In fact, extensive research already exists in this field and we know that many societies have had excellent health with minimal health costs. Researchers, like Weston Price, examined many healthy societies in the 1930s and these parallel long-lived societies in the world today. One thing, above all, stands out in these cultures. They all lived on high-quality, natural, unadulterated food. They didn’t eat processed foods. They farmed as if tomorrow mattered.

They knew that the quality of their health depended on the quality of their soil and took great care to look after it. They understood the importance of living with nature rather than fighting against it. Diseases like cancer, heart disease and arthritis were unknown to them.

We also know that their excellent health was due to food not other factors. How can we be sure? Because their health deteriorated rapidly once they changed their diet to modern processed food.
But how can we achieve this in a modern, industrial society. The answer is we can’t, but what we can do is move in this direction. And, of course, we have the American experience to warn us of the consequences of going in the opposite direction.
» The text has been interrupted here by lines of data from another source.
(* If the NNF DAG of $F$ is in wDNNF, then for every $j\in\{1,\ldots,n\}$ the implication $$\hat F(\mathbf{1}^j,\mathbf{X}_{j+1}^n,\mathbf{1}^j,\overline{\mathbf{X}}_{j+1}^n,\mathbf{Y})\Rightarrow \hat F(\mathbf{1}^{j-1}0,\mathbf{X}_{j+1}^n,\mathbf{1}^{j-1}1,\overline{\mathbf{X}}_{j+1}^n,\mathbf{Y})\vee \hat F(\mathbf{1}^{j-1}1,\mathbf{X}_{j+1}^n,\mathbf{1}^{j-1}0,\overline{\mathbf{X}}_{j+1}^n,\mathbf{Y})$$ is valid (for all values of $\mathbf{X}_{j+1}^n,\overline{\mathbf{X}}_{j+1}^n,\mathbf{Y}$).
   Context: $\mathbf{X}=(x_1,\ldots,x_n)$ are outputs and $\mathbf{Y}=(y_1,\ldots,y_m)$ inputs; $\mathbf{X}_i^j=(x_i,\ldots,x_j)$. An NNF formula uses only $\wedge,\vee$ and negations applied to variables, represented as a rooted DAG with $\wedge/\vee$ internal nodes and literal leaves. For an internal node representing subformula $\alpha$, $\mathrm{lits}(\alpha)$ is the set of literals labeling leaves having a path to that node. The NNF DAG is in wDNNF if for every $\wedge$-node representing $\alpha=\alpha_1\wedge\cdots\wedge\alpha_k$ there is no literal $l$ and distinct $p,q$ with $l\in\mathrm{lits}(\alpha_p)$ and $\neg l\in\mathrm{lits}(\alpha_q)$. $\hat F(\mathbf{X},\overline{\mathbf{X}},\mathbf{Y})$ is obtained from the NNF DAG of $F$ by replacing each leaf $\neg x_i$ ($x_i\in\mathbf{X}$) by a fresh variable $\overline{x_i}$. For length-$j$ bit-vectors $\mathbf{b},\mathbf{c}$, $\hat F(\mathbf{b},\mathbf{X}_{j+1}^n,\mathbf{c},\overline{\mathbf{X}}_{j+1}^n,\mathbf{Y})$ sets $(x_1,\ldots,x_j):=\mathbf{b}$ and $(\overline{x_1},\ldots,\overline{x_j}):=\mathbf{c}$. $\mathbf{1}^{j-1}0$ is $j-1$ ones followed by $0$; $\mathbf{1}^{j-1}1=\mathbf{1}^j$ is all ones. *)

theory Defs
  imports Main
begin

(* Variables: output variables x_i (X i) and input variables y_k (Y k). *)
datatype var = X nat | Y nat

(* A literal is a polarity (True = positive, False = negated) and a variable. *)
type_synonym lit = "bool \<times> var"

(* NNF formulas; a DAG is represented by its tree unfolding (sharing does not affect
   semantics, lits, or the wDNNF condition). And/Or nodes have arbitrary arity. *)
datatype nnf = Lit bool var | And "nnf list" | Or "nnf list"

fun neg_lit :: "lit \<Rightarrow> lit" where
  "neg_lit (p, v) = (\<not> p, v)"

fun lits :: "nnf \<Rightarrow> lit set" where
  "lits (Lit p v) = {(p, v)}"
| "lits (And fs) = (\<Union>f\<in>set fs. lits f)"
| "lits (Or fs) = (\<Union>f\<in>set fs. lits f)"

definition and_ok :: "nnf list \<Rightarrow> bool" where
  "and_ok fs \<longleftrightarrow> \<not> (\<exists>l p q. p < length fs \<and> q < length fs \<and> p \<noteq> q \<and>
                         l \<in> lits (fs ! p) \<and> neg_lit l \<in> lits (fs ! q))"

fun wDNNF :: "nnf \<Rightarrow> bool" where
  "wDNNF (Lit p v) = True"
| "wDNNF (And fs) = (and_ok fs \<and> (\<forall>f\<in>set fs. wDNNF f))"
| "wDNNF (Or fs) = (\<forall>f\<in>set fs. wDNNF f)"

fun xvars :: "nnf \<Rightarrow> nat set" where
  "xvars (Lit p (X i)) = {i}"
| "xvars (Lit p (Y k)) = {}"
| "xvars (And fs) = (\<Union>f\<in>set fs. xvars f)"
| "xvars (Or fs) = (\<Union>f\<in>set fs. xvars f)"

(* Evaluation of \<hat>F(X, Xbar, Y): a positive leaf x_i reads xs i, a leaf \<not>x_i is
   replaced by the fresh variable xbar_i and reads xb i; input literals as usual. *)
fun eval_hat :: "(nat \<Rightarrow> bool) \<Rightarrow> (nat \<Rightarrow> bool) \<Rightarrow> (nat \<Rightarrow> bool) \<Rightarrow> nnf \<Rightarrow> bool" where
  "eval_hat xs xb ys (Lit True (X i)) = xs i"
| "eval_hat xs xb ys (Lit False (X i)) = xb i"
| "eval_hat xs xb ys (Lit p (Y k)) = (if p then ys k else \<not> ys k)"
| "eval_hat xs xb ys (And fs) = (\<forall>f\<in>set fs. eval_hat xs xb ys f)"
| "eval_hat xs xb ys (Or fs) = (\<exists>f\<in>set fs. eval_hat xs xb ys f)"

end

theory Submission
  imports Defs
begin

text \<open>The implication holds for every value of the remaining variables, so the prefix
\<open>1\<^sup>j\<^sup>-\<^sup>1\<close> and the range of the output indices play no role. In a conjunction, wDNNF
forbids \<open>x\<^sub>j\<close> and \<open>\<not>x\<^sub>j\<close> from occurring in two different children. So either one
of the two literals occurs in no child, and lowering the corresponding fresh variable changes no
child, or both occur in a single child, to which the induction hypothesis applies while the other
children depend on neither literal.\<close>

lemma eval_hat_cong_xs:
  assumes "(True, X j) \<notin> lits F" and "\<And>i. i \<noteq> j \<Longrightarrow> xs i = xs' i"
  shows "eval_hat xs xb ys F = eval_hat xs' xb ys F"
  using assms by (induction xs xb ys F rule: eval_hat.induct) auto

lemma eval_hat_cong_xb:
  assumes "(False, X j) \<notin> lits F" and "\<And>i. i \<noteq> j \<Longrightarrow> xb i = xb' i"
  shows "eval_hat xs xb ys F = eval_hat xs xb' ys F"
  using assms by (induction xs xb ys F rule: eval_hat.induct) auto

lemma and_ok_complementary_lits_same_child:
  assumes "and_ok fs" "p < length fs" "q < length fs"
    and "l \<in> lits (fs ! p)" "neg_lit l \<in> lits (fs ! q)"
  shows "p = q"
  using assms unfolding and_ok_def by blast

lemma eval_hat_lower_one_fresh_pair:
  assumes "wDNNF F" and "eval_hat (xs(j := True)) (xb(j := True)) ys F"
  shows "eval_hat (xs(j := False)) (xb(j := True)) ys F \<or>
         eval_hat (xs(j := True)) (xb(j := False)) ys F"
  using assms
proof (induction F)
  case (Lit p v)
  then show ?case by (cases p; cases v) auto
next
  case (Or fs)
  then obtain c where "c \<in> set fs" "eval_hat (xs(j := True)) (xb(j := True)) ys c"
    by (auto simp del: fun_upd_apply)
  moreover have "wDNNF c" using Or.prems(1) \<open>c \<in> set fs\<close> by simp
  ultimately show ?case using Or.IH by (auto simp del: fun_upd_apply)
next
  case (And fs)
  let ?TT = "eval_hat (xs(j := True)) (xb(j := True)) ys"
  let ?FT = "eval_hat (xs(j := False)) (xb(j := True)) ys"
  let ?TF = "eval_hat (xs(j := True)) (xb(j := False)) ys"
  have TT: "\<forall>c\<in>set fs. ?TT c" using And.prems(2) by (simp del: fun_upd_apply)
  have TT_FT: "?TT c = ?FT c" if "(True, X j) \<notin> lits c" for c
    by (rule eval_hat_cong_xs[OF that]) simp
  have TT_TF: "?TT c = ?TF c" if "(False, X j) \<notin> lits c" for c
    by (rule eval_hat_cong_xb[OF that]) simp
  have ok: "and_ok fs" using And.prems(1) by simp
  consider (no_pos) "\<forall>c\<in>set fs. (True, X j) \<notin> lits c"
    | (no_neg) "\<forall>c\<in>set fs. (False, X j) \<notin> lits c"
    | (both) p where "p < length fs" "(True, X j) \<in> lits (fs ! p)" "(False, X j) \<in> lits (fs ! p)"
  proof (cases "(\<forall>c\<in>set fs. (True, X j) \<notin> lits c) \<or> (\<forall>c\<in>set fs. (False, X j) \<notin> lits c)")
    case False
    then obtain p q where "p < length fs" "(True, X j) \<in> lits (fs ! p)"
      "q < length fs" "(False, X j) \<in> lits (fs ! q)"
      by (auto simp: in_set_conv_nth)
    moreover have "p = q"
      by (rule and_ok_complementary_lits_same_child[OF ok]) (use calculation in auto)
    ultimately show thesis using both by blast
  qed blast
  then show ?case
  proof cases
    case no_pos
    then show ?thesis using TT TT_FT by (simp del: fun_upd_apply)
  next
    case no_neg
    then show ?thesis using TT TT_TF by (simp del: fun_upd_apply)
  next
    case both
    have others: "?FT (fs ! r) \<and> ?TF (fs ! r)" if "r < length fs" "r \<noteq> p" for r
    proof -
      have "(True, X j) \<notin> lits (fs ! r)" "(False, X j) \<notin> lits (fs ! r)"
        using and_ok_complementary_lits_same_child[OF ok, of p r "(True, X j)"]
          and_ok_complementary_lits_same_child[OF ok, of r p "(True, X j)"] both that
        by auto
      moreover have "?TT (fs ! r)" using TT that(1) by (simp del: fun_upd_apply)
      ultimately show ?thesis using TT_FT TT_TF by blast
    qed
    have "fs ! p \<in> set fs" using both(1) by simp
    then have "?FT (fs ! p) \<or> ?TF (fs ! p)"
      using And.IH And.prems(1) TT by (simp del: fun_upd_apply)
    then show ?thesis
    proof
      assume "?FT (fs ! p)"
      then have "\<forall>r<length fs. ?FT (fs ! r)" using others by blast
      then show ?thesis by (simp add: all_set_conv_all_nth del: fun_upd_apply)
    next
      assume "?TF (fs ! p)"
      then have "\<forall>r<length fs. ?TF (fs ! r)" using others by blast
      then show ?thesis by (simp add: all_set_conv_all_nth del: fun_upd_apply)
    qed
  qed
qed

theorem mainTheorem8:
  fixes F :: nnf and n j :: nat
  assumes "xvars F \<subseteq> {1..n}"
    and "wDNNF F"
    and "j \<in> {1..n}"
  shows "\<forall>xs xb ys. (\<forall>i. 1 \<le> i \<and> i < j \<longrightarrow> xs i \<and> xb i) \<longrightarrow>
           eval_hat (xs(j := True)) (xb(j := True)) ys F \<longrightarrow>
           eval_hat (xs(j := False)) (xb(j := True)) ys F \<or>
           eval_hat (xs(j := True)) (xb(j := False)) ys F"
  using eval_hat_lower_one_fresh_pair[OF assms(2)] by blast

end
At the moment our policies could not be designed better to push the NHS into crisis. Huge subsidies are given to industrial farming, particularly for crops like sugar, corn, wheat and soya. (These grains are broken down into protein to fatten up animals and adulterated starches which are added to processed foods).
And if the quality of our soil is critical to our health, how are we treating it? In 2015, a United Nations report estimated we have only 90 harvests remaining. This is known to be the result of industrial farming which is progressively depleting our soil of its nutrients. After that time our soil will be too poor to support crops. The cost of soil degradation is estimated at £1.4 billion per year. The cost to our grandchildren could be immeasurably greater: they could starve. But industrial farming is exposing us to another catastrophe: bees and other pollinators are being wiped out by pesticides. British beekeepers have estimated that we could lose all our bees within a decade. Without these pollinators most of our fruit and vegetables would become a memory. But like plastics in the environment, will we leave it until it is too late before we act?

But it doesn’t have to be this way. Our food, our health and our environment are all intricately linked. If we want good health we already know what we have to do to achieve it. We also know what we need to avoid. It is just a question of whether we have the political will.

If we want a healthier future the answers are not difficult to find, but big decisions need to be made. We have to make health a priority and not leave it at the mercy of the food and agricultural industries. We could and should stop subsidising sugar and other cash crops. We need to stop flooding the food market with sugar and junk foods which are causing an epidemic of obesity and diabetes which could destroy the NHS. We should tax those foods which damage our health and therefore drain the NHS and use that money to support it.

The promotion and advertising of harmful foods could be stopped or curtailed. We could subsidise organic farming and support all types of farming that protects the future fertility of the soil and pollinators. We could promote and advertise healthy foods. We must stop subsidising industrial agriculture with its destructive impact on our health, our environment and our grandchildren’s future. Too much is at stake to do otherwise.

Sadly I have little confidence that our politicians will go down this road. If they do not then we can expect crisis after crisis in the NHS and crisis after crisis in the environment. However as individuals we can make choices, choices that sustain our health and sustain the environment.